Top of TASK INPUTS

lemma integral_shift_cbox_eq_UNIV:
  fixes h :: "'a::euclidean_space \<Rightarrow> 'b::euclidean_space"
  assumes "continuous_on UNIV h" "bounded {x. h x \<noteq> 0}" "{x. h (x + c) \<noteq> 0} \<subseteq> cbox a b"
  shows "integral (cbox a b) (\<lambda>x. h (x + c)) = integral UNIV h"
proof -
  have "integral (cbox a b) (\<lambda>x. h (x + c)) = integral UNIV (\<lambda>x. h (x + c))"
    using assms(3)
    by (intro integral_UNIV_eq_cbox(2)[symmetric] continuous_on_compose2[OF assms(1)]
        continuous_intros) auto
  also have "\<dots> = integral UNIV h"
    by (rule integral_translation_UNIV[OF assms(1,2)])
  finally show ?thesis .
qed

lemma has_real_derivative_integral_shift:
  fixes h :: "'a::euclidean_space \<Rightarrow> real"
  assumes diff: "\<And>x. h differentiable (at x)"
    and cont: "continuous_on UNIV (\<lambda>x. frechet_derivative h (at x) v)"
  shows "((\<lambda>t. integral (cbox a b) (\<lambda>x. h (x + t *\<^sub>R v))) has_real_derivative
      integral (cbox a b) (\<lambda>x. frechet_derivative h (at (x + t *\<^sub>R v)) v)) (at t)"
proof -
  have hc: "continuous_on UNIV h"
    using diff by (simp add: differentiable_imp_continuous_within continuous_at_imp_continuous_on)
  have "((\<lambda>t. integral (cbox a b) (\<lambda>x. h (x + t *\<^sub>R v))) has_real_derivative
      integral (cbox a b) (\<lambda>x. frechet_derivative h (at (x + t *\<^sub>R v)) v)) (at t within UNIV)"
  proof (rule leibniz_rule_field_derivative)
    show "((\<lambda>t. h (x + t *\<^sub>R v)) has_real_derivative frechet_derivative h (at (x + t *\<^sub>R v)) v)
        (at t within UNIV)" for t x
      by (rule has_real_derivative_along_line[OF diff])
    show "(\<lambda>x. h (x + t *\<^sub>R v)) integrable_on cbox a b" for t
      by (intro integrable_continuous continuous_on_compose2[OF hc] continuous_intros) auto
    have "continuous_on UNIV (\<lambda>p. frechet_derivative h (at (snd p + fst p *\<^sub>R v)) v)"
      by (intro continuous_on_compose2[OF cont] continuous_intros) auto
    then show "continuous_on (UNIV \<times> cbox a b)
        (\<lambda>(t, x). frechet_derivative h (at (x + t *\<^sub>R v)) v)"
      unfolding case_prod_unfold by (rule continuous_on_subset) auto
  qed simp_all
  then show ?thesis
    by simp
qed

lemma norm_le_add_if_shift_le:
  fixes x v :: "'a::real_normed_vector"
  assumes "norm (x + t *\<^sub>R v) \<le> r" "\<bar>t\<bar> \<le> 1"
  shows "norm x \<le> r + norm v"
proof -
  have "norm x \<le> norm (x + t *\<^sub>R v) + \<bar>t\<bar> * norm v"
    using norm_triangle_ineq4[of "x + t *\<^sub>R v" "t *\<^sub>R v"] by simp
  moreover have "\<bar>t\<bar> * norm v \<le> norm v"
    using assms(2) by (simp add: mult_left_le_one_le)
  ultimately show ?thesis
    using assms(1) by linarith
qed

lemma integral_frechet_derivative_eq_0:
  fixes h :: "'a::euclidean_space \<Rightarrow> real"
  assumes diff: "\<And>x. h differentiable (at x)"
    and cont: "continuous_on UNIV (\<lambda>x. frechet_derivative h (at x) v)"
    and supp: "bounded {x. h x \<noteq> 0}"
  shows "integral UNIV (\<lambda>x. frechet_derivative h (at x) v) = 0"
proof -
  define D where "D x = frechet_derivative h (at x) v" for x
  obtain r where r: "closure {x. h x \<noteq> 0} \<subseteq> cball 0 r"
    using bounded_closure[OF supp] unfolding bounded_iff subset_iff mem_cball_0 by blast
  obtain a where a: "cball (0::'a) (r + norm v) \<subseteq> cbox (-a) a"
    using bounded_subset_cbox_symmetric[OF bounded_cball] .
  have hc: "continuous_on UNIV h"
    using diff by (simp add: differentiable_imp_continuous_within continuous_at_imp_continuous_on)
  \<comment> \<open>F is constant near 0 by translation invariance, while differentiation under the integral
    sign shows that its derivative at 0 is the integral of D.\<close>
  define F where "F t = integral (cbox (-a) a) (\<lambda>x. h (x + t *\<^sub>R v))" for t
  have F_const: "F t = integral UNIV h" if "t \<in> ball 0 1" for t
  proof (unfold F_def, rule integral_shift_cbox_eq_UNIV[OF hc supp], safe)
    fix x assume "h (x + t *\<^sub>R v) \<noteq> 0"
    then have "x + t *\<^sub>R v \<in> closure {x. h x \<noteq> 0}"
      by (intro closure_subset[THEN subsetD]) simp
    then have "x + t *\<^sub>R v \<in> cball 0 r"
      using r by (rule subsetD[rotated])
    then have "norm x \<le> r + norm v"
      using that by (intro norm_le_add_if_shift_le) auto
    then show "x \<in> cbox (-a) a"
      using a by auto
  qed
  have "(F has_real_derivative integral (cbox (-a) a) D) (at 0)"
    unfolding F_def D_def using has_real_derivative_integral_shift[OF diff cont, of "-a" a 0] by simp
  moreover have "(F has_real_derivative 0) (at 0)"
    using F_const
    by (intro has_field_derivative_transform_within_open[OF DERIV_const open_ball[of 0 1]]) auto
  ultimately have "integral (cbox (-a) a) D = 0"
    by (rule DERIV_unique)
  moreover have "{x. D x \<noteq> 0} \<subseteq> cbox (-a) a"
  proof -
    have "{x. D x \<noteq> 0} \<subseteq> closure {x. h x \<noteq> 0}"
      unfolding D_def using frechet_derivative_eq_0_outside_closure_support by blast
    also have "\<dots> \<subseteq> cball 0 (r + norm v)"
      using order_trans[OF r subset_cball[of r "r + norm v" 0]] by simp
    finally show ?thesis
      using a by simp
  qed
  ultimately show ?thesis
    using integral_UNIV_eq_cbox(2) continuous_on_subset[OF cont[folded D_def]]
    unfolding D_def[symmetric] by (metis subset_UNIV)
qed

Bottom of TASK INPUTS

**THE TASK:** Show every line from the entries above in which the word "assumes" appears.

**EXERCISE ANSWER:**
  assumes "continuous_on UNIV h" "bounded {x. h x \<noteq> 0}" "{x. h (x + c) \<noteq> 0} \<subseteq> cbox a b"
  assumes diff: "\<And>x. h differentiable (at x)"
  assumes "norm (x + t *\<^sub>R v) \<le> r" "\<bar>t\<bar> \<le> 1"
  assumes diff: "\<And>x. h differentiable (at x)"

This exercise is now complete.